Adopting the new Optional Appellate Rules, AAA noted that appellate arbitration is not entirely new, and that parties have for some years developed processes and standards among themselves for conducting such proceedings. The Optional Appellate Rules, according to AAA, now provide an easier, more standardized process. Whether they will further the process, much less encourage it, remains to be seen. As the arbitration process has evolved into ever more complex and expensive proceedings, parties have increasingly expressed concern that the intended fast and efficient ADR mechanism has morphed into simply another form of expensive litigation. Adding an expensive appellate level to the arbitration process, albeit one that is entirely optional and not intended to significantly drag out the process leading to a final result, may be an unattractive prospect as parties and their lawyers negotiate ADR provisions in contracts. As a practical matter, perceived advantages of providing for arbitration as an ADR procedure may well disappear as parties are faced with negotiating for or against an appeal procedure as well. Of course, parties may avoid the issue entirely by settling on an arbitration forum other than AAA.

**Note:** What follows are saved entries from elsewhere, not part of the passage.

lemma conj_mid_lift_direct_sum_channel:
  assumes W: "W \<in> carrier_mat dO dA"
    and P0: "cptp d0 (dA * r) P0" and P1: "cptp d1 (dA * s) P1"
    and Q: "mat_map din d0 Q0" "mat_map din d1 Q1"
    and S: "S0 \<in> carrier_mat (p * d0) (p * d0)" "S1 \<in> carrier_mat (p * d1) (p * d1)"
    and select: "lift_map p din d0 Q0 X = c0 \<cdot>\<^sub>m S0" "lift_map p din d1 Q1 X = c1 \<cdot>\<^sub>m S1"
  shows "conj_mid p W (r + s) (lift_map p din (dA * (r + s)) (direct_sum_channel dA r s Q0 Q1 P0 P1) X)
    = direct_sum (p * dO) r s (c0 \<cdot>\<^sub>m conj_mid p W r (lift_map p d0 (dA * r) P0 S0))
        (c1 \<cdot>\<^sub>m conj_mid p W s (lift_map p d1 (dA * s) P1 S1))"
proof -
  have mP: "mat_map d0 (dA * r) P0" "mat_map d1 (dA * s) P1"
    and lP: "mat_linear d0 P0" "mat_linear d1 P1"
    using P0 P1 by (simp_all add: cptp_iff)
  have lin: "lift_map p d0 (dA * r) P0 (c0 \<cdot>\<^sub>m S0) = c0 \<cdot>\<^sub>m lift_map p d0 (dA * r) P0 S0"
    "lift_map p d1 (dA * s) P1 (c1 \<cdot>\<^sub>m S1) = c1 \<cdot>\<^sub>m lift_map p d1 (dA * s) P1 S1"
    using mat_linear_smult[OF mat_linear_lift_map[OF mP(1) lP(1)] S(1)]
      mat_linear_smult[OF mat_linear_lift_map[OF mP(2) lP(2)] S(2)] .
  have carrier: "lift_map p dmid (dA * k) P Z \<in> carrier_mat (p * dA * k) (p * dA * k)" for dmid k P Z
    using lift_map_carrier[of p dmid "dA * k" P Z] by (simp add: mult.assoc)
  show ?thesis
    unfolding lift_map_direct_sum_channel[OF Q mP] select lin
    by (simp add: conj_mid_direct_sum[OF W] carrier conj_mid_smult[OF W])
qed

section \<open>Mixing two protocols\<close>

definition valid_protocol ::
  "nat \<Rightarrow> nat \<Rightarrow> nat \<Rightarrow> (nat \<Rightarrow> nat) \<Rightarrow> (nat \<Rightarrow> complex mat \<Rightarrow> complex mat) \<Rightarrow> bool" where
  "valid_protocol dA dE n r P \<longleftrightarrow>
     (\<forall>i. 1 \<le> i \<and> i \<le> n \<longrightarrow> 0 < r i \<and> cptp (reg_dim dE r (i - 1)) (dA * r i) (P i))"

lemma seq_set_eq: "seq_set dA dB dE W n = {seq_output dA dB dE W r P n | r P. valid_protocol dA dE n r P}"
  unfolding seq_set_def valid_protocol_def ..

lemma seq_state_Suc_conj_mid:
  "seq_state dA dB dE W r P (Suc i) = conj_mid (dB ^ i) W (r (Suc i))
     (lift_map (dB ^ i) (reg_dim dE r i) (dA * r (Suc i)) (P (Suc i)) (seq_state dA dB dE W r P i))"
  by (simp add: conj_mid_def kron_mid_def Let_def)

In the end, AAA may have it right: Some parties may want the opportunity for a comprehensive appeal of arbitrator decisions on disputes arising out of their contractual business relationships. AAA arbitrations are governed by several sets of rules tailored to the particular kind of dispute or circumstances in which disputes arise, including, for example, a dedicated set of rules governing large, complex commercial disputes. The new Optional Appellate Arbitration Rules fit well within that arbitration structure, and parties who choose to specify in their contracts that the large and complex case rules shall apply may well see the available appellate procedure as a desirable extension of the process without regard to whatever further burden and expense it entails or the uncertainty it brings.